The House of Lords Communications and Digital Select Committee has released its highly anticipated "AI, Copyright and the Creative Industries" Report, examining the UK's existing copyright framework and its applicability to generative AI systems. The Report also examines potential approaches to improve the transparency of the use of training data by AI developers, how rights-holders could express preferences about how their content is used (or not) by AI systems, and examines the emerging market for licensing content for generative AI use.
The report includes recommendations for the UK government on the policy it should adopt on the use of copyright protected content by AI developers. It was released to pre-empt next week's statutory reporting deadline under the Data (Use and Access) Act, which requires the UK government to publish an economic impact of the policy options it had set out under its Copyright and AI consultation paper alongside a report on the use of copyright works in the development of AI systems.
The House of Lords report
The House of Lords Report frames the UK as facing a stark choice between two potential futures concerning AI and the UK creative sector. Under the first scenario, the House of Lords envisages a future in which the UK becomes an international lead on licensing-based AI development, with domestic AI development efforts directed towards developing licensed sovereign AI models. This approach, underpinned by a "gold-standard" copyright framework, is expected to strengthen the UK creative sector, an "economic powerhouse" industry whose £124 billion contribution to the UK economy in 2023 is expected to continue to grow.
The second scenario, in which the UK continues to "drift towards tacit acceptance of large-scale, unlicensed use of creative content and long-term dependence on opaque models trained overseas" is presented as a "poor bet", which would sacrifice the UK's creative capacity for speculative AI gains which they expect will largely accrue to a few US-based AI developers.

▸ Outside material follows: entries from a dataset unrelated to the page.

(* Let $G=(V,E)$ be a finite simple graph with $|V|=m$ and $|E|=n$ that has at least one sink-free orientation. Run the following sink-popping algorithm. Orient each edge independently and uniformly at random. While the current orientation has a sink, choose any sink $v$ (by any rule) and reorient every edge incident to $v$ independently and uniformly at random. Then: (i) the algorithm terminates with probability $1$, and the output is uniformly distributed over the sink-free orientations of $G$; (ii) the expected number of iterations (sinks popped) is at most $m^2=|V|^2$; (iii) the expected total number of edge reorientations is at most $2mn=2|V|\,|E|$. Here an edge is counted once per iteration in which it is re-randomised, whether or not its orientation changes.
   Context: An orientation of $G$ assigns a direction to every edge. A sink of an orientation is a vertex $v$ such that every edge incident to $v$ is directed towards $v$. An orientation is sink-free if it has no sink. *)

theory Defs
  imports "HOL-Probability.Probability"
begin

definition simple_graph :: "'a set \<Rightarrow> 'a set set \<Rightarrow> bool" where
  "simple_graph V E \<longleftrightarrow> finite V \<and> (\<forall>e\<in>E. \<exists>u v. u \<in> V \<and> v \<in> V \<and> u \<noteq> v \<and> e = {u, v})"

(* An orientation assigns to every edge its head (the endpoint it points to). *)
definition orientations :: "'a set set \<Rightarrow> ('a set \<Rightarrow> 'a) set" where
  "orientations E = PiE E (\<lambda>e. e)"

definition is_sink :: "'a set set \<Rightarrow> ('a set \<Rightarrow> 'a) \<Rightarrow> 'a \<Rightarrow> bool" where
  "is_sink E \<sigma> v \<longleftrightarrow> (\<forall>e\<in>E. v \<in> e \<longrightarrow> \<sigma> e = v)"

definition has_sink :: "'a set \<Rightarrow> 'a set set \<Rightarrow> ('a set \<Rightarrow> 'a) \<Rightarrow> bool" where
  "has_sink V E \<sigma> \<longleftrightarrow> (\<exists>v\<in>V. is_sink E \<sigma> v)"

definition sink_free_orientations :: "'a set \<Rightarrow> 'a set set \<Rightarrow> ('a set \<Rightarrow> 'a) set" where
  "sink_free_orientations V E = {\<sigma> \<in> orientations E. \<not> has_sink V E \<sigma>}"

definition random_orientation :: "'a set set \<Rightarrow> ('a set \<Rightarrow> 'a) pmf" where
  "random_orientation E = Pi_pmf E undefined (\<lambda>e. pmf_of_set e)"

definition pop :: "'a set set \<Rightarrow> ('a set \<Rightarrow> 'a) \<Rightarrow> 'a \<Rightarrow> ('a set \<Rightarrow> 'a) pmf" where
  "pop E \<sigma> v = Pi_pmf E undefined (\<lambda>e. if v \<in> e then pmf_of_set e else return_pmf (\<sigma> e))"

(* States are histories: list of orientations, most recent first.
   The sink-selection rule "sel" may depend on the whole history. *)
definition sp_step :: "'a set \<Rightarrow> 'a set set \<Rightarrow> (('a set \<Rightarrow> 'a) list \<Rightarrow> 'a)
    \<Rightarrow> ('a set \<Rightarrow> 'a) list \<Rightarrow> ('a set \<Rightarrow> 'a) list pmf" where
  "sp_step V E sel h =
     (if has_sink V E (hd h) then map_pmf (\<lambda>\<sigma>'. \<sigma>' # h) (pop E (hd h) (sel h))
      else return_pmf h)"

fun sp_hist :: "'a set \<Rightarrow> 'a set set \<Rightarrow> (('a set \<Rightarrow> 'a) list \<Rightarrow> 'a)
    \<Rightarrow> nat \<Rightarrow> ('a set \<Rightarrow> 'a) list pmf" where
  "sp_hist V E sel 0 = map_pmf (\<lambda>\<sigma>. [\<sigma>]) (random_orientation E)"
| "sp_hist V E sel (Suc k) = bind_pmf (sp_hist V E sel k) (sp_step V E sel)"

definition degree :: "'a set set \<Rightarrow> 'a \<Rightarrow> nat" where
  "degree E v = card {e \<in> E. v \<in> e}"

(* Number of edge re-randomisations during the pops recorded in history h:
   the i-th most recent pop happened at history (drop i h) at vertex sel (drop i h). *)
definition reorientations :: "'a set set \<Rightarrow> (('a set \<Rightarrow> 'a) list \<Rightarrow> 'a)
    \<Rightarrow> ('a set \<Rightarrow> 'a) list \<Rightarrow> nat" where
  "reorientations E sel h = (\<Sum>i\<in>{1..<length h}. degree E (sel (drop i h)))"

end

theory Submission
  imports Defs
begin

text \<open>Popping two sinks in either order re-randomises the same edges, so the expected
  value of any quantity determined by the final orientation and by the number of pops at
  each vertex does not depend on the rule that chooses the sinks; each claim can therefore
  be checked for a convenient fixed rule.  Termination: from every orientation,
  \<open>card E + 1\<close> lucky pops reach a fixed sink-free orientation, which happens with
  probability at least \<open>2 ^ - (card E)\<^sup>2\<close>.  For a vertex \<open>u\<close>, use the rule that pops
  \<open>u\<close> only when it is the only sink.  Under it the probability of an orientation depends
  only on its sinks other than \<open>u\<close>, so all sink-free orientations are equally likely, and
  the expected number of pops at \<open>u\<close> telescopes to at most \<open>card (single_sink u) / N\<close>,
  where \<open>N\<close> is the number of sink-free orientations and \<open>single_sink u\<close> is the set of
  orientations whose only sink is \<open>u\<close>.  Each of these
  arises from a sink-free orientation by reversing a walk of length at most \<open>card V\<close>
  ending at \<open>u\<close>, so \<open>card (single_sink u) \<le> card V * N\<close>; summing over \<open>u\<close>,
  unweighted or weighted by degree, gives both bounds.\<close>

abbreviation expect :: "'b pmf \<Rightarrow> ('b \<Rightarrow> real) \<Rightarrow> real" where
  "expect M g \<equiv> measure_pmf.expectation M g"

The report makes the case that current copyright law is not outdated or in need of reform, but that enforcement by rights-holders is challenging due to widespread unlicensed use of copyright protected works and limited transparency from AI developers about how their AI models have been trained. The Committee therefore asks the Government to strengthen the existing framework in relation to AI, and to crystallise its approach to AI and copyright within the next 12 months.
Key proposals
The report asks the Government to:
- Rule out the introduction of a new TDM exception with an opt-out reservation of rights mechanism, following the example set recently by the Australian government.
- Develop protections for creators against digital replicas, such as "in the style of" generated content. UK law does not currently have an explicit personality or 'style' right, leaving creators unable to license or protect against breach of their digital personality.
- Introduce statutory provisions requiring AI developers to be transparent about their training data, and enable commercial AI developers to make confidential disclosures to an appropriate regulator.
- Develop a sovereign UK ecosystem of domestically governed AI models, with a focus on developing models which deliver enhanced transparency and respect for copyright. The Report mentions Switzerland's Apertus LLM and the Allen Institute's OLMo project as relevant examples of competitive AI systems whose training data are open to external scrutiny.
- Champion the creation and adoption of a regime of international standards for licensing content for AI use, and labelling of AI-generated content such as deepfakes. The report suggests the Government should consider legislating on this topic, and should outline how it intends to work with Ofcom and platforms. Here, the Report proposes that solutions should be strategic rather than technically prescriptive, to avoid the risk of becoming outdated.
- Reconsider the Creative Content Exchange (CCE) as a complete solution, and make sure that any approach to the question of AI and copyright creates optimal legal, as well infrastructure, conditions for success.
What comes next?
Both AI developers and the creative industries are eagerly awaiting next week's Government report on the use of copyright works in the development of AI systems and the economic impact assessment on its copyright reform proposals. However, the Financial Times suggested that the Government is going to further delay decisions on how to resolve the current tension between AI developers and copyright owners, and that any new legislative intervention will be postponed to next year. The further period of delay is likely to anger the UK creative industries, who have expressed concern that the Government's prevarication on this issue is chilling the market for licensing UK content for AI development.